Menjadi seorang suami bukan berarti menjadi seorang jenderal yang bila memerintah harus dipatuhi, ditakuti dan dikhawatirkan kedatangannya, yang harus terlihat keras.
Tapi bukan pula yang tunduk pada semua kemauan istrinya, plin plan tak punya pendirian, tak bisa mengambil keputusan dan terlihat lemah tak punya wibawa.
Menjadi suami adalah diantara keduanya, agar dihormati dan mendapatkan tempat bernilai di hati dan pandangan istrinya. Bisa diandalkan dan pandai memberi kepastian.
Sebab jika suami lemah istrinya berubah menjadi macan, bila suami terlalu keraspun istrinya takkan nyaman. Menjadi suami adalah tentang menyeimbangkan diri dan tentang menjadi adil.
Tak lekas marah ketika istrinya berbuat yang keliru, juga tak membiarkan istri hingga dosa dan kesalahannya dilakukan terus-menerus. Tegas tapi tak kasar, lembut tapi tidak lemah.
Menjadi suami berarti berada di depan tanpa merasa lebih tahu, memimpin bukan menguasai, mengawal bukan mengamankan, membimbing dan bukan menyuruh-nyuruh.
Sebab Islam itu menyuruh lelaki memuliakan istri, bukan hanya memanjakannya.

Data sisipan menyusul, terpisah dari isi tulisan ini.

theorem corollary3:
  fixes N K m n :: nat and x0 :: real
    and \<alpha> \<gamma> :: complex and J M0 \<Lambda> \<Lambda>' C :: "complex mat"
    and v :: "nat \<Rightarrow> mfun" and q r \<phi> \<psi> :: mfun
  defines "M \<equiv> Mop n \<alpha> J v \<gamma> q M0 r"
  defines "\<Delta> \<equiv> (\<lambda>x t. C + dInv x0 (mmul (mtr \<psi>) \<phi>) x t)"
  defines "W \<equiv> Plus (Scal 1) (Comp (Scal (-1))
                 (Comp (Mul (mmul \<phi> (finv \<Delta>))) (Comp ODinv (Mul (mtr \<psi>)))))"
  defines "Winv \<equiv> Plus (Scal 1) (Comp (Mul \<phi>) (Comp ODinv (Comp (Mul (finv \<Delta>)) (Mul (mtr \<psi>)))))"
  defines "Mhat \<equiv> Comp W (Comp M Winv)"
  defines "\<Phi> \<equiv> mmul \<phi> (finv \<Delta>)"
  defines "\<Psi> \<equiv> mmul \<psi> (mtr (finv \<Delta>))"
  assumes J: "J \<in> carrier_mat N N" and M0: "M0 \<in> carrier_mat m m"
    and v: "\<And>i. i < n \<Longrightarrow> has_dims (v i) N N \<and> smooth_mfun (v i)"
    and q: "has_dims q N m" "smooth_mfun q"
    and r: "has_dims r N m" "smooth_mfun r"
    and phi: "has_dims \<phi> N K" "smooth_mfun \<phi>"
    and psi: "has_dims \<psi> N K" "smooth_mfun \<psi>"
    and Lam: "\<Lambda> \<in> carrier_mat K K" "\<Lambda>' \<in> carrier_mat K K"
    and C: "C \<in> carrier_mat K K" "det C \<noteq> 0"
    and Delta_inv: "\<And>x t. det (\<Delta> x t) \<noteq> 0"
    and eq_phi: "act x0 M \<phi> = mmul \<phi> (cst \<Lambda>)"
    and eq_psi: "act x0 (otr M) \<psi> = mmul \<psi> (cst \<Lambda>')"
  shows "\<Phi> = mmul (act x0 W \<phi>) (cst (minv C))
    \<and> \<Psi> = mmul (act x0 (otr Winv) \<psi>) (cst (minv (transpose_mat C)))
    \<and> act x0 Mhat \<Phi> = mmul \<Phi> (cst (C * \<Lambda> * minv C))
    \<and> act x0 (otr Mhat) \<Psi> = mmul \<Psi> (cst (transpose_mat C * \<Lambda>' * minv (transpose_mat C)))"
proof -
  have smooth: "smooth_dims N K \<phi>" "smooth_dims N K \<psi>"
    using smooth_mfun_smooth_dims phi psi by blast+
  have lin_M: "linear_op x0 M N N" "linear_op x0 (otr M) N N"
    unfolding M_def using J M0 v q r
    by (auto intro!: linear_op_M linear_op_otr_M smooth_mfun_smooth_dims)
  have Delta: "\<Delta> = Delta x0 C \<phi> \<psi>" unfolding \<Delta>_def Delta_def ..
  interpret dressing_data x0 N K C \<phi> \<psi>
    using smooth C Delta_inv by unfold_locales (simp_all add: Delta)
  have W: "W = dress x0 C \<phi> \<psi>" and Winv: "Winv = undress x0 C \<phi> \<psi>"
    unfolding W_def Winv_def dress_def undress_def Delta by simp_all
  note dressed = dress_phi undress_psi undress_Phi dress_Psi dims_Phi_Psi
  note dressed = dressed[folded Delta W Winv, folded \<Phi>_def \<Psi>_def]
  have CT: "transpose_mat C \<in> carrier_mat K K" "det (transpose_mat C) \<noteq> 0"
    using C det_transpose[OF C(1)] by auto
  have eigen_Phi: "act x0 Mhat \<Phi> = mmul \<Phi> (cst (C * \<Lambda> * minv C))"
    unfolding Mhat_def using linear_op_dress lin_M smooth
    by (intro conjugated_eigenfunction[OF phi(1) _ Lam(1) C(1) minv_props(1)[OF C]] dressed eq_phi)
       (auto simp: W intro: linear_op_right_linear)
  have "act x0 (otr Mhat) \<Psi> = act x0 (Comp (otr Winv) (Comp (otr M) (otr W))) \<Psi>"
    unfolding Mhat_def by simp
  also have "\<dots> = mmul \<Psi> (cst (transpose_mat C * \<Lambda>' * minv (transpose_mat C)))"
    using linear_op_otr_undress lin_M smooth
    by (intro conjugated_eigenfunction[OF psi(1) _ Lam(2) CT(1) minv_props(1)[OF CT]] dressed eq_psi)
       (auto simp: Winv intro: linear_op_right_linear)
  finally show ?thesis
    using eigen_Phi mmul_cst_minv[OF _ C] mmul_cst_minv[OF _ CT] dressed by simp
qed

Memuliakan itu mendidiknya hingga taat kepada Allah, sedangkan memanjakan itu membinasakan.
Dan suami terbaik bukan yang bisa menyediakan apapun yang istrinya minta, tapi yang bisa mengajak istrinya menaati Allah dengan apapun yang dia miliki.
Bila ketaatan itu sudah mewujud dalam rumah tangga, maka Allah akan turunkan sakinah yang mereka pinta, ketenangan dalam menghadapi apapun di dunia.